### Exercise instructions:
Copy out every line of the data that has the word "forall" somewhere in it.

Start of Block

(* Let $(\Omega,\mathcal F,\mu)$ be a finite measure space, $p\in[1,\infty)$ and $k\ge1$. Then $\mathscr G_{p,k}$ is proximinal in $L^p(\Omega,\mathcal F,\mu)$. Moreover, let $f\in L^p$ and let $g=\sum_{i=1}^q b_i\mathbf 1_{A_i}$ be a minimizer ($\|f-g\|_p=\mathscr D_{p,k}(f)$) with $q\le k$, $b_1<\dots<b_q$ real, and $\{A_i\}_{1\le i\le q}$ a measurable partition of $\Omega$ with $\mu(A_i)>0$ for all $i$. Put $r_1=-\infty$, $r_{q+1}=+\infty$, $r_i=\frac{b_{i-1}+b_i}{2}$ for $2\le i\le q$, and $C_i=f^{-1}([r_i,r_{i+1}))$ for $1\le i\le q$. Then $\sum_{i=1}^q b_i\mathbf 1_{C_i}$ is a minimizer; for each $i$ with $\mu(C_i)>0$, $b_i$ is a $p$-th mean of $f$ on $C_i$; and $\tilde g=\sum_{i=1}^q\mathcal M_p(f,C_i)\mathbf 1_{C_i}$ is also a minimizer in $\mathscr G_{p,q}$. If $q$ is the smallest number of distinct values among all minimizers, then $\mu(C_i)>0$ for all $i$.
   Context: $\mathscr G_{p,k}$ is the set of functions $\sum_{i=1}^l a_i\mathbf 1_{A_i}\in L^p$ with $l\le k$, $\{A_i\}$ a measurable partition of $\Omega$, $a_i\in\mathbb R$; $\mathscr D_{p,k}(f)=\inf\{\|f-h\|_p:\ h\in\mathscr G_{p,k}\}$; a minimizer is any $g\in\mathscr G_{p,k}$ with $\|f-g\|_p=\mathscr D_{p,k}(f)$; $\mathscr G_{p,k}$ is proximinal if minimizers exist for every $f\in L^p$. $p$-th mean: for measurable $A$ with $0<\mu(A)<\infty$, a $p$-th mean of $f$ on $A$ is any minimizer over $a\in\mathbb R$ of $\int_A|f-a|^p\,d\mu$; for $p>1$ it is unique and denoted $\mathcal M_p(f,A)$; for $p=1$ the minimizers form a bounded closed interval $[a^*,b^*]$ and $\mathcal M_1(f,A)=(a^*+b^* )/2$; if $\mu(A)=0$, $\mathcal M_p(f,A)=0$. *)

theory Defs
  imports "HOL-Analysis.Analysis"
begin

definition in_Lp :: "'a measure \<Rightarrow> real \<Rightarrow> ('a \<Rightarrow> real) \<Rightarrow> bool" where
  "in_Lp M p f \<longleftrightarrow> f \<in> borel_measurable M \<and> integrable M (\<lambda>x. \<bar>f x\<bar> powr p)"

definition lpnorm :: "'a measure \<Rightarrow> real \<Rightarrow> ('a \<Rightarrow> real) \<Rightarrow> real" where
  "lpnorm M p f = (\<integral>x. \<bar>f x\<bar> powr p \<partial>M) powr (1 / p)"

definition is_partition :: "'a measure \<Rightarrow> nat \<Rightarrow> (nat \<Rightarrow> 'a set) \<Rightarrow> bool" where
  "is_partition M l A \<longleftrightarrow>
     (\<forall>i\<in>{1..l}. A i \<in> sets M) \<and>
     (\<forall>i\<in>{1..l}. \<forall>j\<in>{1..l}. i \<noteq> j \<longrightarrow> A i \<inter> A j = {}) \<and>
     (\<Union>i\<in>{1..l}. A i) = space M"

definition Gset :: "'a measure \<Rightarrow> real \<Rightarrow> nat \<Rightarrow> ('a \<Rightarrow> real) set" where
  "Gset M p k = {h. in_Lp M p h \<and>
     (\<exists>l a A. l \<le> k \<and> is_partition M l A \<and> h = (\<lambda>x. \<Sum>i=1..l. a i * indicator (A i) x))}"

definition Dpk :: "'a measure \<Rightarrow> real \<Rightarrow> nat \<Rightarrow> ('a \<Rightarrow> real) \<Rightarrow> real" where
  "Dpk M p k f = Inf ((\<lambda>h. lpnorm M p (\<lambda>x. f x - h x)) ` Gset M p k)"

definition is_minimizer :: "'a measure \<Rightarrow> real \<Rightarrow> nat \<Rightarrow> ('a \<Rightarrow> real) \<Rightarrow> ('a \<Rightarrow> real) \<Rightarrow> bool" where
  "is_minimizer M p k f g \<longleftrightarrow> g \<in> Gset M p k \<and> lpnorm M p (\<lambda>x. f x - g x) = Dpk M p k f"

End of Block

### Task output:
     (\<forall>i\<in>{1..l}. A i \<in> sets M) \<and>
     (\<forall>i\<in>{1..l}. \<forall>j\<in>{1..l}. i \<noteq> j \<longrightarrow> A i \<inter> A j = {}) \<and>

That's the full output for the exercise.